The hon. Member for Wrexham (Mr. Ellis) pointed out the realities of the situation and gave what I would call a cautious welcome to the philosophy that lay behind the motion and the way in which I introduced it.
My hon. Friend the Member for Hornchurch (Mr. Squire) asked about research associations. We have made it clear in Brussels that we shall wish to be able to appoint research associations as approval bodies. I am not sure that the amendment as it has been drafted is clear on this issue, but we have given notice that we wish to propose a further amendment to clarify the situation. I think that there is not much now between the Commission and ourselves on this matter.
On priority products—a matter that was raised by my hon. Friend—I said that we were trying to get the list down to a sensible size. If we were to put a mass of products on the list and call them all priority we would get nowhere. The hon. Member for West Lothian fairly spoke about the qualities of tiles in hot and cold climates. He is right. We have to try to assess what is a priority product and what really needs harmonisation and could be in common use, whether in Athens, Aberdeen or Bordeaux.
The hon. Member for West Lothian, who brought a heavy dose of common sense to the debate, asked me a series of questions. I can give him some answers, but I confess that I cannot answer all his points, mainly because I am not sure that I understand the first point that he made about the qualified majority. I shall, if I may, look at what he said and, in the light of how I understand it, write to him on the issue.
The hon. Gentleman spoke about total harmonisation. The Commission has said that implementing directives would normally be optional. It seems to envisage that total harmonisation might be necessary for products where there is a strong safety argument. The Government have reservations on this matter and will want to look carefully and closely at any such proposals.
The hon. Gentleman then asked whether I could give any reason for the accelerated procedure suggestion. The proposal and the pressure to hurry come from the European Parliament and apply to a much wider range of products than construction. But that does not remove the fact that I said that we did not believe that it was in the interests of the construction industry and of the House that we should be bounced, as it were, into the kind of pressure that is being asked for in the proposal.
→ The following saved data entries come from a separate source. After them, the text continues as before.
text \<open>Gaussian linearisation of a squared norm (Hubbard-Stratonovich):
  \<open>exp(|v|\<^sup>2/2) = E exp(\<langle>v, g\<rangle>)\<close> for a standard Gaussian vector \<open>g\<close>.\<close>
lemma std_gaussian_linearization:
  fixes v :: "'i::finite \<Rightarrow> real"
  shows "ennreal (exp ((\<Sum>i\<in>UNIV. (v i)\<^sup>2) / 2))
       = (\<integral>\<^sup>+g. (\<Prod>i\<in>UNIV. ennreal (exp (v i * g i))) \<partial>std_gaussian)"
proof -
  interpret product_sigma_finite "\<lambda>_::'i. std_normal_distribution"
    by (rule product_sigma_finite_std_normal)
  have "(\<integral>\<^sup>+g. (\<Prod>i\<in>UNIV. ennreal (exp (v i * g i))) \<partial>std_gaussian)
      = (\<Prod>i\<in>UNIV. \<integral>\<^sup>+y. ennreal (exp (v i * y)) \<partial>std_normal_distribution)"
    by (rule product_nn_integral_prod) auto
  also have "\<dots> = ennreal (exp ((\<Sum>i\<in>UNIV. (v i)\<^sup>2) / 2))"
    by (simp add: std_normal_mgf prod_ennreal exp_sum sum_divide_distrib)
  finally show ?thesis ..
qed

lemma std_gaussian_square_mgf:
  fixes \<sigma> :: "'i::finite \<Rightarrow> real"
  assumes "\<And>i. 0 \<le> \<sigma> i" "\<And>i. \<sigma> i \<le> 1"
  shows "(\<integral>\<^sup>+g. ennreal (exp (\<Sum>i\<in>UNIV. \<sigma> i / 4 * (g i)\<^sup>2)) \<partial>std_gaussian)
       \<le> ennreal (exp ((\<Sum>i\<in>UNIV. \<sigma> i) / 2))"
proof -
  interpret product_sigma_finite "\<lambda>_::'i. std_normal_distribution"
    by (rule product_sigma_finite_std_normal)
  have "(\<integral>\<^sup>+g. ennreal (exp (\<Sum>i\<in>UNIV. \<sigma> i / 4 * (g i)\<^sup>2)) \<partial>std_gaussian)
      = (\<integral>\<^sup>+g. (\<Prod>i\<in>UNIV. ennreal (exp (\<sigma> i / 4 * (g i)\<^sup>2))) \<partial>std_gaussian)"
    by (simp add: exp_sum prod_ennreal)
  also have "\<dots> = (\<Prod>i\<in>UNIV. \<integral>\<^sup>+y. ennreal (exp (\<sigma> i / 4 * y\<^sup>2)) \<partial>std_normal_distribution)"
    by (rule product_nn_integral_prod) auto
  also have "\<dots> = (\<Prod>i\<in>UNIV. ennreal (1 / sqrt (1 - 2 * (\<sigma> i / 4))))"
  proof (intro prod.cong refl std_normal_square_mgf)
    show "0 \<le> \<sigma> i / 4" "\<sigma> i / 4 < 1/2" for i using assms(1,2)[of i] by simp_all
  qed
  also have "\<dots> \<le> (\<Prod>i\<in>UNIV. ennreal (exp (\<sigma> i / 2)))"
    using assms by (intro prod_mono_ennreal ennreal_leI inv_sqrt_le_exp)
  also have "\<dots> = ennreal (exp ((\<Sum>i\<in>UNIV. \<sigma> i) / 2))"
    by (simp add: prod_ennreal exp_sum sum_divide_distrib)
  finally show ?thesis .
qed


section \<open>Independent sub-Gaussian variables\<close>

text \<open>Independence factorises the moment generating function of a linear combination,
  so a linear combination of independent \<open>B\<close>-sub-Gaussian variables with weights \<open>a\<close>
  is \<open>|a| B\<close>-sub-Gaussian.\<close>
lemma indep_subgaussian_mgf:
  fixes X :: "'k::finite \<Rightarrow> 'w \<Rightarrow> real"
  assumes M: "prob_space M"
    and indep: "prob_space.indep_vars M (\<lambda>_. borel) X UNIV"
    and subg: "\<And>k. subgaussian M (X k) B"
  shows "(\<integral>\<^sup>+w. (\<Prod>k\<in>UNIV. ennreal (exp (a k * X k w))) \<partial>M)
       \<le> ennreal (exp ((\<Sum>k\<in>UNIV. (a k)\<^sup>2) * B\<^sup>2 / 2))"
proof -
  interpret prob_space M by (rule M)
  have indep_exp: "indep_vars (\<lambda>_. borel) (\<lambda>k w. ennreal (exp (a k * X k w))) UNIV"
    by (rule indep_vars_compose2[OF indep]) simp
  have mgf: "(\<integral>\<^sup>+w. ennreal (exp (a k * X k w)) \<partial>M) \<le> ennreal (exp ((a k)\<^sup>2 * B\<^sup>2 / 2))" for k
  proof -
    have "integrable M (\<lambda>w. exp (a k * X k w))"
      and "(\<integral>w. exp (a k * X k w) \<partial>M) \<le> exp ((a k)\<^sup>2 * B\<^sup>2 / 2)"
      using subg[of k] unfolding subgaussian_def by auto
    then show ?thesis by (simp add: nn_integral_eq_integral ennreal_leI)
  qed
  have "(\<integral>\<^sup>+w. (\<Prod>k\<in>UNIV. ennreal (exp (a k * X k w))) \<partial>M)
      = (\<Prod>k\<in>UNIV. \<integral>\<^sup>+w. ennreal (exp (a k * X k w)) \<partial>M)"
    by (rule indep_vars_nn_integral[OF _ indep_exp]) auto
  also have "\<dots> \<le> (\<Prod>k\<in>UNIV. ennreal (exp ((a k)\<^sup>2 * B\<^sup>2 / 2)))"
    by (intro prod_mono_ennreal mgf)
  also have "\<dots> = ennreal (exp ((\<Sum>k\<in>UNIV. (a k)\<^sup>2) * B\<^sup>2 / 2))"
    by (simp add: prod_ennreal exp_sum sum_distrib_right sum_divide_distrib)
  finally show ?thesis .
qed

text \<open>For a unit vector \<open>x\<close>, the random vector \<open>W\<^sub>i = sqrt(\<sigma>\<^sub>i) \<Sum>\<^sub>j Y\<^sub>i\<^sub>j x\<^sub>j\<close> has moment
  generating function \<open>E exp(\<langle>h, W\<rangle>) \<le> exp(B\<^sup>2/2 \<Sum>\<^sub>i \<sigma>\<^sub>i h\<^sub>i\<^sup>2)\<close>: \<open>\<langle>h, W\<rangle>\<close> is a linear
  combination of the entries \<open>Y\<^sub>i\<^sub>j\<close> with weights \<open>h\<^sub>i sqrt(\<sigma>\<^sub>i) x\<^sub>j\<close>.\<close>
lemma weighted_projection_mgf:
  fixes Y :: "'d::finite \<Rightarrow> 'm::finite \<Rightarrow> 'w \<Rightarrow> real"
    and \<sigma> h :: "'d \<Rightarrow> real" and x :: "'m \<Rightarrow> real"
  assumes M: "prob_space M"
    and indep: "prob_space.indep_vars M (\<lambda>_. borel) (\<lambda>(i, j). Y i j) UNIV"
    and subg: "\<And>i j. subgaussian M (Y i j) B"
    and \<sigma>: "\<And>i. 0 \<le> \<sigma> i"
    and unit: "(\<Sum>j\<in>UNIV. (x j)\<^sup>2) = 1"
  shows "(\<integral>\<^sup>+w. (\<Prod>i\<in>UNIV. ennreal (exp (h i * (sqrt (\<sigma> i) * (\<Sum>j\<in>UNIV. Y i j w * x j))))) \<partial>M)
       \<le> ennreal (exp (B\<^sup>2 / 2 * (\<Sum>i\<in>UNIV. \<sigma> i * (h i)\<^sup>2)))"
proof -
  define a where "a = (\<lambda>(i, j). h i * sqrt (\<sigma> i) * x j)"
  have integrand: "(\<Prod>i\<in>UNIV. ennreal (exp (h i * (sqrt (\<sigma> i) * (\<Sum>j\<in>UNIV. Y i j w * x j)))))
      = (\<Prod>k\<in>UNIV. ennreal (exp (a k * (\<lambda>(i, j). Y i j) k w)))" for w
  proof -
    have "h i * (sqrt (\<sigma> i) * (\<Sum>j\<in>UNIV. Y i j w * x j)) = (\<Sum>j\<in>UNIV. a (i, j) * Y i j w)" for i
      unfolding a_def by (simp add: sum_distrib_left mult_ac)
    then have "(\<Prod>i\<in>UNIV. ennreal (exp (h i * (sqrt (\<sigma> i) * (\<Sum>j\<in>UNIV. Y i j w * x j)))))
        = (\<Prod>i\<in>UNIV. \<Prod>j\<in>UNIV. ennreal (exp (a (i, j) * Y i j w)))"
      by (simp add: exp_sum prod_ennreal)
    then show ?thesis by (simp add: prod.cartesian_product UNIV_Times_UNIV case_prod_beta)
  qed
  have weights: "(\<Sum>k\<in>UNIV. (a k)\<^sup>2) = (\<Sum>i\<in>UNIV. \<sigma> i * (h i)\<^sup>2)"
  proof -
    have "(\<Sum>k\<in>UNIV. (a k)\<^sup>2) = (\<Sum>k\<in>UNIV \<times> UNIV. (a k)\<^sup>2)"
      by (simp add: UNIV_Times_UNIV)
    also have "\<dots> = (\<Sum>i\<in>UNIV. \<Sum>j\<in>UNIV. \<sigma> i * (h i)\<^sup>2 * (x j)\<^sup>2)"
      unfolding sum.cartesian_product a_def using \<sigma>
      by (intro sum.cong) (auto simp: power_mult_distrib mult_ac)
    also have "\<dots> = (\<Sum>i\<in>UNIV. \<sigma> i * (h i)\<^sup>2)"
      by (simp add: unit flip: sum_distrib_left)
    finally show ?thesis .
  qed
  have "(\<integral>\<^sup>+w. (\<Prod>k\<in>UNIV. ennreal (exp (a k * (\<lambda>(i, j). Y i j) k w))) \<partial>M)
      \<le> ennreal (exp ((\<Sum>k\<in>UNIV. (a k)\<^sup>2) * B\<^sup>2 / 2))"
    by (intro indep_subgaussian_mgf[OF M indep]) (simp add: case_prod_beta subg)
  then show ?thesis unfolding integrand weights by (simp add: mult_ac)
qed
The hon. Gentleman asked about cost. I said that it would not be possible to give him figures of cost, because the fact that we are dealing with a variety of products, suggestions and directives means that it is almost impossible to generalise. We shall go on trying to to get some figures, but until we know how many implementing directives there will be and what products and procedures will be used, it is not possible to give the information that the hon. Gentleman wants. I accept that we must try to get the Commission to realise that if there are cost implications, which there are, we want to know its estimate of the situation.
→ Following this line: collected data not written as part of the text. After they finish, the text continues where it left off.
(* For real $m>0$ let $\lambda_{1,m}=m^2+\gamma_{1,m}^2$, where $\gamma_{1,m}$ is the unique $\gamma\in\left(\frac{\pi}{2},\pi\right)$ with $\gamma\tan\gamma=-m\tanh m$. Then there exists $m^*\in(0,+\infty)$ such that $\lambda_{1,m^*}=\min_{m>0}\lambda_{1,m}$.
   Context: This concerns the rectangle case $\ell=1$: for integer $m\ge1$, $\lambda_{1,m}$ is an eigenvalue of $\Delta^2u=-\lambda\Delta u$ on $(0,\pi)\times(-1,1)$ with $u=0$ on the boundary, $u_y=0$ on $y=\pm1$, $u_{xx}=0$ on $x\in\{0,\pi\}$; here $m$ ranges over all positive reals. *)

theory Defs
  imports Complex_Main
begin

definition gamma1 :: "real \<Rightarrow> real" where
  "gamma1 m = (THE g. pi / 2 < g \<and> g < pi \<and> g * tan g = - m * tanh m)"

definition lambda1 :: "real \<Rightarrow> real" where
  "lambda1 m = m\<^sup>2 + (gamma1 m)\<^sup>2"

end

theory Submission
  imports Defs "HOL-Analysis.Analysis"
begin

text \<open>
  Multiplying the equation \<open>\<gamma> tan \<gamma> = -m tanh m\<close> by \<open>cos \<gamma> cosh m\<close> gives an equation
  \<open>F(m,\<gamma>) = 0\<close> with \<open>F\<close> continuous on the closed rectangle \<open>[0,\<pi>] \<times> [\<pi>/2,\<pi>]\<close>. Its zero set
  \<open>C\<close> is compact, so \<open>m\<^sup>2 + \<gamma>\<^sup>2\<close> attains a minimum on \<open>C\<close>. Besides the graph of \<open>\<gamma>\<^sub>1\<close> over
  \<open>(0,\<pi>]\<close>, \<open>C\<close> only contains the point \<open>(0,\<pi>)\<close>, of value \<open>\<pi>\<^sup>2\<close>; a numerical estimate shows
  \<open>\<lambda>\<^sub>1(1/2) < \<pi>\<^sup>2\<close>, so the minimum is attained at some \<open>(m\<^sup>*, \<gamma>\<^sub>1(m\<^sup>*))\<close> with \<open>m\<^sup>* > 0\<close>. It is
  a global minimum of \<open>\<lambda>\<^sub>1\<close> because \<open>\<lambda>\<^sub>1(m) \<ge> m\<^sup>2 > \<pi>\<^sup>2\<close> for \<open>m > \<pi>\<close>.
\<close>

lemma strict_mono_on_mult_tan: "strict_mono_on {pi/2<..<pi} (\<lambda>x. x * tan x)"
proof (rule strict_mono_onI)
  fix a b :: real
  assume a: "a \<in> {pi/2<..<pi}" and b: "b \<in> {pi/2<..<pi}" and "a < b"
  have cos_nz: "cos x \<noteq> 0" if "a \<le> x" "x \<le> b" for x
    using cos_lt_zero_pi[of x] that a b by auto
  have has_deriv: "DERIV (\<lambda>x. x * tan x) x :> tan x + x * inverse ((cos x)\<^sup>2)"
    if "a \<le> x" "x \<le> b" for x
    using cos_nz[OF that] by (auto intro!: derivative_eq_intros)
  show "a * tan a < b * tan b"
  proof (rule DERIV_pos_imp_increasing_open[OF \<open>a < b\<close>])
    fix x assume x: "a < x" "x < b"
    have c: "cos x \<noteq> 0" using cos_nz x by auto
    have "tan x + x * inverse ((cos x)\<^sup>2) = (sin x * cos x + x) / (cos x)\<^sup>2"
      using c by (simp add: tan_def field_simps power2_eq_square)
    moreover have "\<bar>sin x * cos x\<bar> \<le> 1"
      using abs_sin_le_one[of x] abs_cos_le_one[of x] by (simp add: abs_mult mult_le_one)
    moreover have "x > 1" using x a pi_gt3 by auto
    ultimately have "tan x + x * inverse ((cos x)\<^sup>2) > 0" using c by simp
    with has_deriv[of x] x show "\<exists>y. DERIV (\<lambda>x. x * tan x) x :> y \<and> 0 < y" by auto
  next
    show "continuous_on {a..b} (\<lambda>x. x * tan x)"
      by (rule continuous_at_imp_continuous_on) (auto intro: DERIV_isCont[OF has_deriv])
  qed
qed

definition gamma_residual :: "real \<Rightarrow> real \<Rightarrow> real" where
  "gamma_residual m g = g * sin g * cosh m + m * sinh m * cos g"

lemma gamma_residual_eq_0_iff:
  assumes "pi/2 < g" "g < pi"
  shows "gamma_residual m g = 0 \<longleftrightarrow> g * tan g = - m * tanh m"
proof -
  have "cos g \<noteq> 0" using cos_lt_zero_pi[of g] assms by auto
  moreover have "cosh m \<noteq> 0" by (metis cosh_real_pos less_irrefl)
  ultimately show ?thesis
    by (simp add: gamma_residual_def tan_def tanh_def field_simps) (auto simp: algebra_simps)
qed

lemma gamma_residual_zero_interior:
  assumes "0 < m" "pi/2 \<le> g" "g \<le> pi" "gamma_residual m g = 0"
  shows "pi/2 < g \<and> g < pi"
proof -
  have "gamma_residual m (pi/2) > 0" by (simp add: gamma_residual_def)
  moreover have "gamma_residual m pi < 0" using assms(1) by (simp add: gamma_residual_def)
  ultimately have "g \<noteq> pi/2" "g \<noteq> pi" using assms(4) by force+
  then show ?thesis using assms(2,3) by auto
qed

lemma gamma1_unique:
  assumes "pi/2 < g" "g < pi" "g * tan g = - m * tanh m"
  shows "gamma1 m = g"
  unfolding gamma1_def
proof (rule the_equality)
  fix h assume h: "pi/2 < h \<and> h < pi \<and> h * tan h = - m * tanh m"
  show "h = g"
    using strict_mono_onD[OF strict_mono_on_mult_tan, of h g]
          strict_mono_onD[OF strict_mono_on_mult_tan, of g h] h assms
    by (cases h g rule: linorder_cases) auto
qed (use assms in auto)

lemma gamma1_exists:
  assumes "0 < m"
  shows "\<exists>g. pi/2 < g \<and> g < pi \<and> g * tan g = - m * tanh m"
proof -
  have "\<exists>g. pi/2 \<le> g \<and> g \<le> pi \<and> gamma_residual m g = 0"
    using assms unfolding gamma_residual_def
    by (intro IVT2') (auto intro!: continuous_intros)
  then obtain g where "pi/2 \<le> g" "g \<le> pi" "gamma_residual m g = 0" by blast
  with gamma_residual_zero_interior[OF assms] gamma_residual_eq_0_iff show ?thesis by blast
qed

lemma gamma1_bounds_residual:
  assumes "0 < m"
  shows "pi/2 < gamma1 m" "gamma1 m < pi" "gamma_residual m (gamma1 m) = 0"
proof -
  obtain g where g: "pi/2 < g" "g < pi" "g * tan g = - m * tanh m"
    using gamma1_exists[OF assms] by blast
  with gamma1_unique[OF g] gamma_residual_eq_0_iff[OF g(1,2)]
  show "pi/2 < gamma1 m" "gamma1 m < pi" "gamma_residual m (gamma1 m) = 0" by auto
qed

lemma tan_one_twentieth_le: "tan (1/20::real) \<le> 40/799"
proof -
  have "0 \<le> sin (1/40::real)" using pi_gt3 by (intro sin_ge_zero) auto
  moreover have "sin (1/40::real) \<le> 1/40" by (rule sin_x_le_x) simp
  ultimately have "sin (1/40::real) ^ 2 \<le> (1/40)^2" by (intro power_mono)
  then have cos_ge: "cos (1/20::real) \<ge> 799/800"
    using cos_double_sin[of "1/40::real"] by (simp add: power2_eq_square)
  have "0 \<le> sin (1/20::real)" using pi_gt3 by (intro sin_ge_zero) auto
  moreover have "sin (1/20::real) \<le> 1/20" by (rule sin_x_le_x) simp
  ultimately have "sin (1/20) / cos (1/20) \<le> (1/20::real) / (799/800)"
    using cos_ge by (intro frac_le) auto
  then show ?thesis by (simp add: tan_def)
qed

lemma tanh_one_half_gt: "tanh (1/2::real) > 320/799"
proof -
  have "(5/4::real)^4 \<le> exp (1/4) ^ 4"
    using exp_ge_add_one_self[of "1/4::real"] by (intro power_mono) auto
  also have "exp (1/4::real) ^ 4 = exp 1"
    using exp_of_nat_mult[of 4 "1/4::real"] by simp
  finally have e: "exp (1::real) \<ge> 625/256" by (simp add: eval_nat_numeral)
  have "tanh (1/2::real) = (1 - exp (-1)) / (1 + exp (-1))"
    by (simp add: tanh_real_altdef)
  also have "\<dots> = (exp 1 - 1) / (exp 1 + 1)"
    by (simp add: exp_minus divide_simps)
  finally have t: "tanh (1/2::real) = (exp 1 - 1) / (exp 1 + 1)" .
  show ?thesis unfolding t using e by (simp add: field_simps)
qed

lemma gamma1_one_half_lt: "gamma1 (1/2) < pi - 1/20"
proof (rule ccontr)
  define g where "g = gamma1 (1/2)"
  assume "\<not> gamma1 (1/2) < pi - 1/20"
  then have ge: "pi - 1/20 \<le> g" by (simp add: g_def)
  have g: "pi/2 < g" "g < pi" "g * tan g = - (1/2) * tanh (1/2)"
    using gamma1_bounds_residual[of "1/2"] gamma_residual_eq_0_iff by (auto simp: g_def)
  have "(pi - 1/20) * tan (pi - 1/20) \<le> g * tan g"
    using strict_mono_onD[OF strict_mono_on_mult_tan, of "pi - 1/20" g] ge g pi_gt3
    by (cases "g = pi - 1/20") auto
  moreover have "tan (pi - 1/20) = - tan (1/20::real)" by (simp add: tan_def)
  ultimately have "(1/2) * tanh (1/2::real) \<le> (pi - 1/20) * tan (1/20)" using g by simp
  also have "\<dots> \<le> 4 * (40/799)"
    using pi_less_4 tan_one_twentieth_le tan_gt_zero[of "1/20"] pi_gt3
    by (intro mult_mono) auto
  finally show False using tanh_one_half_gt by simp
qed

lemma lambda1_one_half_lt: "lambda1 (1/2) < pi\<^sup>2"
proof -
  have "pi/2 < gamma1 (1/2)" "gamma1 (1/2) < pi - 1/20"
    using gamma1_bounds_residual[of "1/2"] gamma1_one_half_lt by auto
  then have "(gamma1 (1/2))\<^sup>2 \<le> (pi - 1/20)\<^sup>2"
    using pi_gt3 by (intro power_mono) auto
  then show ?thesis using pi_gt3 by (simp add: lambda1_def power2_eq_square algebra_simps)
qed

definition gamma_curve :: "(real \<times> real) set" where
  "gamma_curve = ({0..pi} \<times> {pi/2..pi}) \<inter> {p. gamma_residual (fst p) (snd p) = 0}"

lemma compact_gamma_curve: "compact gamma_curve"
  unfolding gamma_curve_def gamma_residual_def
  by (intro compact_Int_closed compact_Times compact_Icc closed_Collect_eq)
     (auto intro!: continuous_intros)

lemma graph_gamma1_in_gamma_curve:
  assumes "0 < m" "m \<le> pi"
  shows "(m, gamma1 m) \<in> gamma_curve"
  using gamma1_bounds_residual[OF assms(1)] assms by (auto simp: gamma_curve_def)

lemma gamma_curve_below_pi_sq:
  assumes "(m, g) \<in> gamma_curve" "m\<^sup>2 + g\<^sup>2 < pi\<^sup>2"
  shows "0 < m \<and> g = gamma1 m"
proof -
  have r: "0 \<le> m" "pi/2 \<le> g" "g \<le> pi" "gamma_residual m g = 0"
    using assms(1) by (auto simp: gamma_curve_def)
  have "m \<noteq> 0"
  proof
    assume "m = 0"
    with r have "sin g = 0" using pi_gt3 by (simp add: gamma_residual_def)
    then have "g = pi" using sin_gt_zero[of g] r pi_gt3 by (cases "g < pi") auto
    with \<open>m = 0\<close> assms(2) show False by simp
  qed
  then have "0 < m" using r by simp
  with r gamma_residual_zero_interior have "pi/2 < g" "g < pi" by blast+
  with r \<open>0 < m\<close> show ?thesis by (metis gamma1_unique gamma_residual_eq_0_iff)
qed

theorem theorem5p3:
  shows "\<exists>ms::real. 0 < ms \<and> (\<forall>m::real. 0 < m \<longrightarrow> lambda1 ms \<le> lambda1 m)"
proof -
  have "(0, pi) \<in> gamma_curve" by (simp add: gamma_curve_def gamma_residual_def)
  then obtain ms gs where p: "(ms, gs) \<in> gamma_curve"
    and min: "\<And>q. q \<in> gamma_curve \<Longrightarrow> ms\<^sup>2 + gs\<^sup>2 \<le> (fst q)\<^sup>2 + (snd q)\<^sup>2"
    using continuous_attains_inf[OF compact_gamma_curve, of "\<lambda>q. (fst q)\<^sup>2 + (snd q)\<^sup>2"]
    by (fastforce intro: continuous_intros)
  have min_graph: "lambda1 ms \<le> lambda1 m" if "0 < m" "m \<le> pi" "gs = gamma1 ms" for m
    using min[OF graph_gamma1_in_gamma_curve[OF that(1,2)]] that(3) by (simp add: lambda1_def)
  have "ms\<^sup>2 + gs\<^sup>2 < pi\<^sup>2"
    using min[OF graph_gamma1_in_gamma_curve[of "1/2"]] lambda1_one_half_lt pi_gt3
    by (simp add: lambda1_def)
  with gamma_curve_below_pi_sq[OF p] have ms: "0 < ms" "gs = gamma1 ms" by auto
  with \<open>ms\<^sup>2 + gs\<^sup>2 < pi\<^sup>2\<close> have "lambda1 ms < pi\<^sup>2" by (simp add: lambda1_def)
  have "lambda1 ms \<le> lambda1 m" if "0 < m" for m
  proof (cases "m \<le> pi")
    case False
    then have "pi\<^sup>2 \<le> m\<^sup>2" using pi_gt3 by (intro power_mono) auto
    moreover have "m\<^sup>2 \<le> lambda1 m" by (simp add: lambda1_def)
    ultimately show ?thesis using \<open>lambda1 ms < pi\<^sup>2\<close> by linarith
  qed (use min_graph ms that in auto)
  with ms show ?thesis by blast
qed

end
The last question was about what was agreed at that delightfully sounding French resort. I do not know, but I shall find out if I can.
That this House takes note of European Community Documents R/3289/78 and 9056/79 containing a proposed EEC Directive and Resolution on the approximation of the laws of the member states relating to construction products; and endorses the Government's intention to ensure that satisfactory procedures are included for the adoption of implementing Directives under this framework directive.